**ABOUT THIS TASK:** Output the data below line for line, exactly, up to and including the line where "unfolding psi_derivs_def by" appears.

--- DATA IN THIS EXERCISE ---

lemma abs_psi_derivs_le:
  assumes "R > 0" "r \<ge> 1"
  shows "\<bar>psi_derivs R (real r) r x\<bar> \<le> cutoff_const * (54 * real r ^ 2) ^ r * exp (- x)"
proof -
  define B where "B = cutoff_const * (27 * real r ^ 2) ^ r"
  have "\<bar>psi_derivs R (real r) r x\<bar>
      \<le> (\<Sum>k\<le>r. \<bar>real (r choose k) * zeta_derivs R (real r) k x * ((-1) ^ (r - k) * exp (- x))\<bar>)"
    unfolding psi_derivs_def by (rule sum_abs)
  also have "\<dots> \<le> (\<Sum>k\<le>r. real (r choose k) * (B * exp (- x)))"
  proof (rule sum_mono)
    fix k assume "k \<in> {..r}"
    then have "\<bar>zeta_derivs R (real r) k x\<bar> * exp (- x) \<le> B * exp (- x)"
      using abs_zeta_derivs_le[OF assms] by (simp add: B_def)
    then show "\<bar>real (r choose k) * zeta_derivs R (real r) k x * ((-1) ^ (r - k) * exp (- x))\<bar>
        \<le> real (r choose k) * (B * exp (- x))"
      by (simp add: abs_mult mult_left_mono mult.assoc)
  qed
  also have "\<dots> = (\<Sum>k\<le>r. real (r choose k)) * (B * exp (- x))"
    by (rule sum_distrib_right[symmetric])
  also have "(\<Sum>k\<le>r. real (r choose k)) = 2 ^ r"
    using choose_row_sum[of r] by (metis of_nat_numeral of_nat_power of_nat_sum)
  also have "2 ^ r * (B * exp (- x)) = cutoff_const * (54 * real r ^ 2) ^ r * exp (- x)"
  proof -
    have "(2::real) ^ r * 27 ^ r = 54 ^ r" by (simp flip: power_mult_distrib)
    then show ?thesis by (simp add: B_def power_mult_distrib mult_ac)
  qed
  finally show ?thesis .
qed
(* In the game $\mathrm{CubeGame}(p,K)$ with expert oracle (defined in the context), any sound planner that makes fewer than $\Omega(p/\log p)$ oracle queries has sample complexity (expected number of actions) $N\ge 2^{\Omega(p\wedge K)}$.
   Context: Fix integers $p,K\ge1$ (with $p$ divisible by $4$). Let $W=\{\pm1\}^p$, $\rho(x,y)=\tfrac12(p-x^\top y)$ the Hamming distance, $w_0=\vec 1$ (all-ones vector), and $g(x)=1-x/p$. The hidden parameter $w^\star$ lies in $W^\star=\{w\in W:\ p/4\le\rho(\vec1,w)\le 3p/4\}$. For $k\ge1$, $W^{\circ k}=\{(w_i)_{i\in[k]}\in W^k:\ \rho(w_{i-1},w_i)\ge p/4\ \forall i\in[k]\}$. Define $f_{w^\star}((w_i)_{i\in[k]})=\big(\prod_{i\in[k]}g(\rho(w_{i-1},w_i))\big)\,g(\rho(w_k,w^\star))$ and $f_{w^\star}(())=g(\rho(w_0,w^\star))$. At each round $t$ the planner either inputs a sequence $S_t=(w^t_i)_{i\in[L_t]}\in W^{\circ L_t}$ with $L_t\in[K]$, or stops ($L_t=0$) and outputs $S_t=(w^t_i)_{i\in[8]}\in W^{\circ 8}$; $N=\min\{t:L_t=0\}$ is the number of actions. After an input it observes $U_t=\mathbb{1}\{\rho(w^t_{L_t-1},w^\star)<p/4\}$, $V_t=\mathbb{1}\{\rho(w^t_{L_t},w^\star)<p/4\}$ and $Z_t$, where $Z_t=0$ unless $V_t=1$ or $L_t=K$, in which case $Z_t\sim\mathrm{Ber}(f_{w^\star}(S_t))$. When the planner stops, it receives final reward $R=f_{w^\star}((w^N_i)_{i\in[k^\star]})$ with $k^\star=\min\{8,\min\{k:\rho(w^N_k,w^\star)<p/4\}\}$. Expert oracle: partway through inputting a sequence (after a prefix whose last vector is $w$), the planner may query the oracle, which returns the index of the first coordinate where $w$ and $w^\star$ differ, or a special symbol if $w=w^\star$; it may then continue the sequence, as long as the total length stays at most $K$. A planner is sound if for every $w^\star\in W^\star$ its expected final reward $\mathbb{E}[R]$ is within $0.01$ of the maximal achievable final reward (which is at least $f_{w^\star}(())$). *)

theory Defs
  imports "HOL-Probability.Probability"
begin

(* Vectors of {+1,-1}^p are represented as bool lists of length p (True = +1). *)
type_synonym vec = "bool list"

definition cube :: "nat \<Rightarrow> vec set" where
  "cube p = {x. length x = p}"

(* Hamming distance rho(x,y) = (p - x^T y)/2 = number of differing coordinates *)
definition hdist :: "vec \<Rightarrow> vec \<Rightarrow> nat" where
  "hdist x y = card {i. i < length x \<and> x ! i \<noteq> y ! i}"

definition ones :: "nat \<Rightarrow> vec" where
  "ones p = replicate p True"

definition gfun :: "nat \<Rightarrow> nat \<Rightarrow> real" where
  "gfun p x = 1 - real x / real p"

definition Wstar :: "nat \<Rightarrow> vec set" where
  "Wstar p = {w \<in> cube p. real p / 4 \<le> real (hdist (ones p) w) \<and> real (hdist (ones p) w) \<le> 3 * real p / 4}"

definition close :: "nat \<Rightarrow> vec \<Rightarrow> vec \<Rightarrow> bool" where
  "close p x w \<longleftrightarrow> real (hdist x w) < real p / 4"

(* ws = (w_1,...,w_k), with w_0 = ones p implicit; membership in W^{o k} with k = length ws *)
definition chain_ok :: "nat \<Rightarrow> vec list \<Rightarrow> bool" where
  "chain_ok p ws \<longleftrightarrow> set ws \<subseteq> cube p \<and>
     (\<forall>i < length ws. real (hdist ((ones p # ws) ! i) (ws ! i)) \<ge> real p / 4)"

definition Wcirc :: "nat \<Rightarrow> nat \<Rightarrow> vec list set" where
  "Wcirc p k = {ws. length ws = k \<and> chain_ok p ws}"

definition fval :: "nat \<Rightarrow> vec \<Rightarrow> vec list \<Rightarrow> real" where
  "fval p wst ws =
     (\<Prod>i<length ws. gfun p (hdist ((ones p # ws) ! i) (ws ! i))) *
     gfun p (hdist (last (ones p # ws)) wst)"

(* k* = min{8, min{k : rho(w_k,wst) < p/4}}, with min of the empty set = infinity *)
definition kstar :: "nat \<Rightarrow> vec \<Rightarrow> vec list \<Rightarrow> nat" where
  "kstar p wst ws =
     (if \<exists>k\<in>{1..8}. close p (ws ! (k - 1)) wst
      then (LEAST k. 1 \<le> k \<and> k \<le> 8 \<and> close p (ws ! (k - 1)) wst) else 8)"

definition final_reward :: "nat \<Rightarrow> vec \<Rightarrow> vec list \<Rightarrow> real" where
  "final_reward p wst ws = fval p wst (take (kstar p wst ws) ws)"

definition opt_reward :: "nat \<Rightarrow> vec \<Rightarrow> real" where
  "opt_reward p wst = Max (final_reward p wst ` Wcirc p 8)"

(* expert: first (0-based) differing coordinate, None = special symbol (w = wst ) *)
definition expert_answer :: "vec \<Rightarrow> vec \<Rightarrow> nat option" where
  "expert_answer wst w = (if w = wst then None else Some (LEAST i. i < length w \<and> w ! i \<noteq> wst ! i))"

datatype event =
    Ext vec
  | Qry "nat option"
  | Sub bool bool bool      (* sequence submitted (round ends), observations U_t V_t Z_t *)
  | Stp "vec list"

datatype action = AExt vec | AQry | ASub | AStop "vec list"

type_synonym planner = "event list \<Rightarrow> action pmf"

fun cur_aux :: "vec list \<Rightarrow> event list \<Rightarrow> vec list" where
  "cur_aux acc [] = acc"
| "cur_aux acc (Ext v # h) = cur_aux (acc @ [v]) h"
| "cur_aux acc (Qry _ # h) = cur_aux acc h"
| "cur_aux acc (Sub _ _ _ # h) = cur_aux [] h"
| "cur_aux acc (Stp _ # h) = cur_aux acc h"

definition cur :: "event list \<Rightarrow> vec list" where
  "cur h = cur_aux [] h"

definition stopped :: "event list \<Rightarrow> bool" where
  "stopped h \<longleftrightarrow> (\<exists>ws. Stp ws \<in> set h)"

fun legal :: "nat \<Rightarrow> nat \<Rightarrow> event list \<Rightarrow> action \<Rightarrow> bool" where
  "legal p K h (AExt v) \<longleftrightarrow> length (cur h) < K \<and> chain_ok p (cur h @ [v])"
| "legal p K h AQry \<longleftrightarrow> True"
| "legal p K h ASub \<longleftrightarrow> cur h \<noteq> []"
| "legal p K h (AStop ws) \<longleftrightarrow> cur h = [] \<and> ws \<in> Wcirc p 8"

definition valid_planner :: "nat \<Rightarrow> nat \<Rightarrow> planner \<Rightarrow> bool" where
  "valid_planner p K P \<longleftrightarrow> (\<forall>h. \<forall>a \<in> set_pmf (P h). legal p K h a)"

definition step :: "nat \<Rightarrow> nat \<Rightarrow> vec \<Rightarrow> planner \<Rightarrow> event list \<Rightarrow> event list pmf" where
  "step p K wst P h =
    (if stopped h then return_pmf h else
     P h \<bind> (\<lambda>a. case a of
        AExt v \<Rightarrow> return_pmf (h @ [Ext v])
      | AQry \<Rightarrow> return_pmf (h @ [Qry (expert_answer wst (last (ones p # cur h)))])
      | ASub \<Rightarrow>
          (let s = cur h;
               U = close p ((ones p # s) ! (length s - 1)) wst;
               V = close p (last s) wst
           in if V \<or> length s = K
              then map_pmf (\<lambda>z. h @ [Sub U V z]) (bernoulli_pmf (fval p wst s))
              else return_pmf (h @ [Sub U V False]))
      | AStop ws \<Rightarrow> return_pmf (h @ [Stp ws])))"
lemma two_zeros_between_sign_changes:
  fixes g :: "real \<Rightarrow> real"
  assumes "continuous_on {a..b} g" "a < m" "m < b" "0 < g a" "g m < 0" "0 < g b"
  obtains x1 x2 where "a < x1" "x1 < m" "m < x2" "x2 < b" "g x1 = 0" "g x2 = 0"
proof -
  obtain x1 where "a \<le> x1" "x1 \<le> m" "g x1 = 0"
    using IVT2'[of g m 0 a] assms continuous_on_subset[OF assms(1), of "{a..m}"] by auto
  moreover obtain x2 where "m \<le> x2" "x2 \<le> b" "g x2 = 0"
    using IVT'[of g m 0 b] assms continuous_on_subset[OF assms(1), of "{m..b}"] by auto
  ultimately show ?thesis
    using that assms(4-6) by (metis order.strict_iff_order less_irrefl)
qed

lemma lipschitz_powr_Icc:
  assumes "1 \<le> p" "0 < M"
  shows "(p * M powr (p - 1))-lipschitz_on {0..M} (\<lambda>x. x powr p)"
proof -
  have "(p * M powr (p - 1))-lipschitz_on {0<..M} (\<lambda>x. x powr p)"
  proof (rule lipschitz_onI)
    fix x y :: real assume "x \<in> {0<..M}" "y \<in> {0<..M}"
    have "((\<lambda>x. x powr p) has_real_derivative p * z powr (p - 1)) (at z within {0<..M})"
      if "z \<in> {0<..M}" for z
      using has_real_derivative_powr[of z p] that by (auto intro: has_field_derivative_at_within)
    moreover have "norm (p * z powr (p - 1)) \<le> p * M powr (p - 1)" if "z \<in> {0<..M}" for z
      using that assms by (auto intro!: mult_left_mono powr_mono2)
    ultimately have "norm (x powr p - y powr p) \<le> p * M powr (p - 1) * norm (x - y)"
      using \<open>x \<in> {0<..M}\<close> \<open>y \<in> {0<..M}\<close>
      by (intro field_differentiable_bound[of "{0<..M}" "\<lambda>x. x powr p" "\<lambda>z. p * z powr (p - 1)"]) auto
    then show "dist (x powr p) (y powr p) \<le> p * M powr (p - 1) * dist x y"
      by (simp add: dist_norm)
  qed (use assms in simp)
  moreover have "continuous_on {0..M} (\<lambda>x::real. x powr p)"
    using assms by (intro continuous_on_powr') auto
  ultimately show ?thesis
    using lipschitz_on_closure[of _ "{0<..M}"] assms by simp
qed

section \<open>Second-order equations and concavity\<close>

definition ode2_sol ::
    "(real \<Rightarrow> real \<Rightarrow> real) \<Rightarrow> real set \<Rightarrow> (real \<Rightarrow> real) \<Rightarrow> (real \<Rightarrow> real) \<Rightarrow> bool" where
  "ode2_sol f I v dv \<longleftrightarrow>
     (\<forall>s\<in>I. (v has_real_derivative dv s) (at s within I) \<and>
             (dv has_real_derivative - f s (v s)) (at s within I))"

---

**TASK RESULT:**
lemma abs_psi_derivs_le:
  assumes "R > 0" "r \<ge> 1"
  shows "\<bar>psi_derivs R (real r) r x\<bar> \<le> cutoff_const * (54 * real r ^ 2) ^ r * exp (- x)"
proof -
  define B where "B = cutoff_const * (27 * real r ^ 2) ^ r"
  have "\<bar>psi_derivs R (real r) r x\<bar>
      \<le> (\<Sum>k\<le>r. \<bar>real (r choose k) * zeta_derivs R (real r) k x * ((-1) ^ (r - k) * exp (- x))\<bar>)"
    unfolding psi_derivs_def by (rule sum_abs)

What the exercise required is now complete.